(* Let $\theta$ be the parameters of an Elman RNN with $L$ layers such that every bias vector $\mathbf{b}^\ell$ ($0\le\ell\le L-1$) has all entries nonzero. Define $$\|\theta\|_2^2=\|\mathbf{W}_{\mathrm{ff}}^{L-1}\|_F^2+\|\mathbf{b}^{L-1}\|^2+\sum_{0<\ell<L}\left(\|\mathbf{W}_{\mathrm{rec}}^{\ell}\|_F^2+\|\mathbf{W}_{\mathrm{ff}}^{\ell-1}\|_F^2+\|\mathbf{b}^{\ell-1}\|^2\right),$$ and let $\mathcal{X}(\theta)$ be the set of $\theta'$ that minimize $\|\theta'\|_2$ subject to $\theta'=\mathcal{P}(\theta)$ for some $\mathcal{P}\in\mathcal{G}_{\mathrm{scaled}}$. Then for every $\theta',\theta''\in\mathcal{X}(\theta)$ there exists $\mathcal{P}\in\mathcal{G}_{\mathrm{perm}}$ (a transformation by unscaled permutations only) such that $\theta'=\mathcal{P}(\theta'')$.
   Context: Elman RNN: parameters $\theta=(\mathbf{W}_{\mathrm{rec}}^{\ell+1},\mathbf{W}_{\mathrm{ff}}^{\ell},\mathbf{b}^{\ell})_{0\le\ell\le L-1}$ with $\mathbf{W}_{\mathrm{ff}}^{\ell}\in\mathbb{R}^{d_{\ell+1}\times d_\ell}$, $\mathbf{W}_{\mathrm{rec}}^{\ell+1}\in\mathbb{R}^{d_{\ell+1}\times d_{\ell+1}}$, $\mathbf{b}^\ell\in\mathbb{R}^{d_{\ell+1}}$. $\mathcal{G}_{\mathrm{lin}}$ is the set of sequences $\mathcal{P}=(\mathbf{P}^0,\dots,\mathbf{P}^L)$ with $\mathbf{P}^0=\mathbf{I}_{d_0}$, $\mathbf{P}^L=\mathbf{I}_{d_L}$ and $\mathbf{P}^\ell$ invertible $d_\ell\times d_\ell$ for $1\le\ell\le L-1$; it acts on $\theta$ by replacing, for each $1\le\ell\le L$, $(\mathbf{W}_{\mathrm{rec}}^{\ell},\mathbf{W}_{\mathrm{ff}}^{\ell-1},\mathbf{b}^{\ell-1})$ with $(\mathbf{P}^\ell\mathbf{W}_{\mathrm{rec}}^{\ell}(\mathbf{P}^\ell)^{-1},\ \mathbf{P}^\ell\mathbf{W}_{\mathrm{ff}}^{\ell-1}(\mathbf{P}^{\ell-1})^{-1},\ \mathbf{P}^\ell\mathbf{b}^{\ell-1})$, giving $\mathcal{P}(\theta)$. $\mathcal{G}_{\mathrm{perm}}\subset\mathcal{G}_{\mathrm{lin}}$: all $\mathbf{P}^\ell$ ($1\le\ell\le L-1$) are permutation matrices. $\mathcal{G}_{\mathrm{scaled}}\subset\mathcal{G}_{\mathrm{lin}}$: each $\mathbf{P}^\ell=\tilde{\mathbf{P}}^\ell\mathbf{D}^\ell$ with $\tilde{\mathbf{P}}^\ell$ a permutation matrix and $\mathbf{D}^\ell$ diagonal with strictly positive diagonal entries. *)

theory Defs
  imports "Jordan_Normal_Form.Determinant"
begin

text \<open>Parameters of an Elman RNN: for each layer index l, the recurrent matrix
  Wrec l (used for 1 <= l <= L), the feedforward matrix Wff l and the bias bias l
  (used for 0 <= l <= L-1).\<close>

record rnn_params =
  Wrec :: "nat \<Rightarrow> real mat"
  Wff  :: "nat \<Rightarrow> real mat"
  bias :: "nat \<Rightarrow> real vec"

definition rnn_wf :: "nat \<Rightarrow> (nat \<Rightarrow> nat) \<Rightarrow> rnn_params \<Rightarrow> bool" where
  "rnn_wf L d \<theta> \<longleftrightarrow>
     (\<forall>l. 1 \<le> l \<and> l \<le> L \<longrightarrow> Wrec \<theta> l \<in> carrier_mat (d l) (d l)) \<and>
     (\<forall>l<L. Wff \<theta> l \<in> carrier_mat (d (Suc l)) (d l) \<and> bias \<theta> l \<in> carrier_vec (d (Suc l)))"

------------

• [Your objective]
Would you return exactly, and only, the lines beginning at the one with "(\<forall>l. 1 \<le>" and ending at the last line of the listing?

• [Completed exercise]
     (\<forall>l. 1 \<le> l \<and> l \<le> L \<longrightarrow> Wrec \<theta> l \<in> carrier_mat (d l) (d l)) \<and>
     (\<forall>l<L. Wff \<theta> l \<in> carrier_mat (d (Suc l)) (d l) \<and> bias \<theta> l \<in> carrier_vec (d (Suc l)))"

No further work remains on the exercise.